The Wald statistic did not indicate that the β coefficients for the genotypes were statistically significantly different from 0 (p > 0.05), however the odds ratios for rs3543 (CC) and in particular for rs705193 (CC) showed their odds in favour of without lymphedema (internal value without lymphedema 0, with lymphedema 1).
It is important to note that the SNPs detected are in a region annotated as a 3’UTR, meaning that a direct effect on the protein sequence is unlikely (albeit we have not shown directly that the protein sequence is actually unaffected by the variation, and there remains a possibility that the annotation of this region may be erroneous). Likely, therefore, the mutation associated with secondary lymphedema affects the post-transcriptional fate of the mRNA through effects on stability, as several microRNAs have already been shown to target other connexin family members [
22].
Alternatively, there might be effects on transcription through long-range interactions. Finally, it is possible that the variation is functionally insignificant and rather an artefact of linkage or some other confounding variable. Though possible, we consider this latter unlikely in view of the fact that other secondary lymphedema-associated mutations also affect junction-forming proteins [
23].
From the molecular pathological point of view, the results presented here suggest that a fruitful approach to secondary lymphedema may be to characterise the cell–cell junctions in healthy and pathological tissues, with the aim of determining, for example, whether the problem is fundamentally linked to junctions that are too tight or too loose [
15,
16]. Given that the 3’UTR of genes is often involved in RNA stability, we may speculate that the mutations result in loss of function, i.e., less RNA and therefore less protein, which would probably manifest as “too loose” junctions. Alternatively, if the mutations remove a microRNA target, the effect would be increased translation, possibly manifesting as “too tight” junctions. This fundamental and essential work is however beyond the scope of the present study.

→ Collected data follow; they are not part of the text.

lemma sum_swap_inner_factor:
  "(\<Sum>x\<in>A. f x * (\<Sum>y\<in>B. g x y * h y)) = (\<Sum>y\<in>B. (\<Sum>x\<in>A. f x * g x y) * (h y :: complex))"
proof -
  have "(\<Sum>x\<in>A. f x * (\<Sum>y\<in>B. g x y * h y)) = (\<Sum>x\<in>A. \<Sum>y\<in>B. f x * g x y * h y)"
    by (simp add: sum_distrib_left mult.assoc)
  also have "\<dots> = (\<Sum>y\<in>B. \<Sum>x\<in>A. f x * g x y * h y)" by (rule sum.swap)
  finally show ?thesis by (simp add: sum_distrib_right)
qed

lemma sum_product_const:
  "(\<Sum>a\<in>A. \<Sum>b\<in>B. (f a * K) * g b) = (\<Sum>a\<in>A. f a) * K * (\<Sum>b\<in>B. (g b :: complex))"
  by (subst sum_product[symmetric]) (simp add: sum_distrib_right)

lemma sum_swap_outer_pairs:
  "(\<Sum>x\<in>A. \<Sum>y\<in>B. \<Sum>j\<in>C. \<Sum>j'\<in>D. f x y j j') =
   (\<Sum>j\<in>C. \<Sum>j'\<in>D. \<Sum>x\<in>A. \<Sum>y\<in>B. (f x y j j' :: complex))"
proof -
  have "(\<Sum>x\<in>A. \<Sum>y\<in>B. \<Sum>j\<in>C. \<Sum>j'\<in>D. f x y j j') = (\<Sum>x\<in>A. \<Sum>j\<in>C. \<Sum>y\<in>B. \<Sum>j'\<in>D. f x y j j')"
    by (rule sum.cong[OF refl], rule sum.swap)
  also have "\<dots> = (\<Sum>x\<in>A. \<Sum>j\<in>C. \<Sum>j'\<in>D. \<Sum>y\<in>B. f x y j j')"
    by (rule sum.cong[OF refl], rule sum.cong[OF refl], rule sum.swap)
  also have "\<dots> = (\<Sum>j\<in>C. \<Sum>x\<in>A. \<Sum>j'\<in>D. \<Sum>y\<in>B. f x y j j')"
    by (rule sum.swap)
  also have "\<dots> = (\<Sum>j\<in>C. \<Sum>j'\<in>D. \<Sum>x\<in>A. \<Sum>y\<in>B. f x y j j')"
    by (rule sum.cong[OF refl], rule sum.swap)
  finally show ?thesis .
qed

lemma Un_Int_Diff_split:
  assumes "a \<subseteq> R" "b \<subseteq> Q - R"
  shows "(a \<union> b) \<inter> R = a" "(a \<union> b) - R = b"
  using assms by auto

lemma sum_Pow_split:
  assumes "finite Q" "R \<subseteq> Q"
  shows "(\<Sum>x\<in>Pow Q. f x) = (\<Sum>a\<in>Pow R. \<Sum>b\<in>Pow (Q - R). f (a \<union> b))"
proof -
  have "(\<Sum>a\<in>Pow R. \<Sum>b\<in>Pow (Q - R). f (a \<union> b)) = (\<Sum>p\<in>Pow R \<times> Pow (Q - R). f (fst p \<union> snd p))"
    by (simp add: sum.cartesian_product split_def)
  also have "\<dots> = (\<Sum>x\<in>Pow Q. f x)"
    by (rule sum.reindex_bij_witness[of _ "\<lambda>x. (x \<inter> R, x - R)" "\<lambda>p. fst p \<union> snd p"])
       (use assms in auto)
  finally show ?thesis by simp
qed

lemma op_eq_sym: "op_eq Q A B \<Longrightarrow> op_eq Q B A"
  unfolding op_eq_def by simp

lemma op_eq_trans [trans]: "op_eq Q A B \<Longrightarrow> op_eq Q B C \<Longrightarrow> op_eq Q A C"
  unfolding op_eq_def by simp

lemma app_cong: "op_eq Q A B \<Longrightarrow> app Q A v = app Q B v"
  unfolding app_def op_eq_def by (auto intro!: sum.cong)

lemma in_space_app: "in_space Q (app Q A v)"
  unfolding in_space_def app_def by simp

The lymphatic drainage pathways of the breast (axillary, internal mammary, and supraclavicular nodal groups) are the regional areas most likely to be involved with metastatic breast cancer, and it has been shown that patients who undergo more extensive surgery, have many lymph nodes removed, or have radiation therapy to the axilla or groin after surgery are more likely to develop lymphedema [
24].
The next step of our research, also to increase the strength of our results and conclusion, will be to increase the sample size and to collect similar samples from different geographical areas and other ethnic groups. It is important to notice the importance of ethnicity on the genetic variations and of the sample size, because too big or too small sample sizes have limitations that can compromise the conclusions drawn from studies.
5. Conclusions
The results in this study confirm that the number of lymph nodes being invaded by breast tumours had a statistically significant impact on the presence of lymphedema and that increased lymph node invasion correlated with an increased probability of secondary lymphedema.

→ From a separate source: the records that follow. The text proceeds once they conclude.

(* The bounded orbits of $\Phi_{\mathrm{Id}}\colon\mathrm{M}\mapsto\mathrm{M}^2$ on $\mathcal{M}(2;\mathbb{C})$ are contained in $\overline{\mathrm{W}^s_{\mathrm{Id}}(\mathbf{0})}$; every element $\mathrm{M}$ of $\overline{\mathrm{W}^s_{\mathrm{Id}}(\mathbf{0})}$ has a bounded orbit, except the matrices whose Jordan form is $\begin{bmatrix}\lambda&1\\0&\lambda\end{bmatrix}$ with $|\lambda|=1$.
   Context: $\mathrm{W}^s_{\mathrm{Id}}(\mathbf{0})=\{\mathrm{M}\in\mathcal{M}(2;\mathbb{C}):\Phi_{\mathrm{Id}}^k(\mathrm{M})\to\mathbf{0}\text{ as }k\to\infty\}$, where $\mathbf{0}$ is the zero matrix; the bar denotes topological closure. *)

theory Defs
  imports "HOL-Analysis.Analysis"
begin

type_synonym cmat2 = "complex ^ 2 ^ 2"

definition Phi_Id :: "cmat2 \<Rightarrow> cmat2" where
  "Phi_Id M = M ** M"

definition Ws_Id_0 :: "cmat2 set" where
  "Ws_Id_0 = {M. (\<lambda>k. (Phi_Id ^^ k) M) \<longlonglongrightarrow> 0}"

definition bounded_orbit :: "cmat2 \<Rightarrow> bool" where
  "bounded_orbit M \<longleftrightarrow> bounded (range (\<lambda>k. (Phi_Id ^^ k) M))"

definition jordan_block2 :: "complex \<Rightarrow> cmat2" where
  "jordan_block2 l = (\<chi> i j. if i = j then l else if i = 1 \<and> j = 2 then 1 else 0)"

definition has_jordan_form_block :: "cmat2 \<Rightarrow> complex \<Rightarrow> bool" where
  "has_jordan_form_block M l \<longleftrightarrow>
     (\<exists>P::cmat2. invertible P \<and> M = P ** jordan_block2 l ** matrix_inv P)"

end

theory Submission
  imports Defs
begin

Significantly, we have discovered a novel predictive biomarker for the predisposition to secondary lymphedema in breast cancer patients, following surgical intervention. Testing for the condition-associated allele should help inform the treatment and post-operative care of patients, with desirable outcomes for the management of breast cancer. Further study of genes involved in junction formation may reveal additional secondary lymphedema-associated polymorphisms, and hence extra biomarkers, offering an exciting new area of breast cancer research.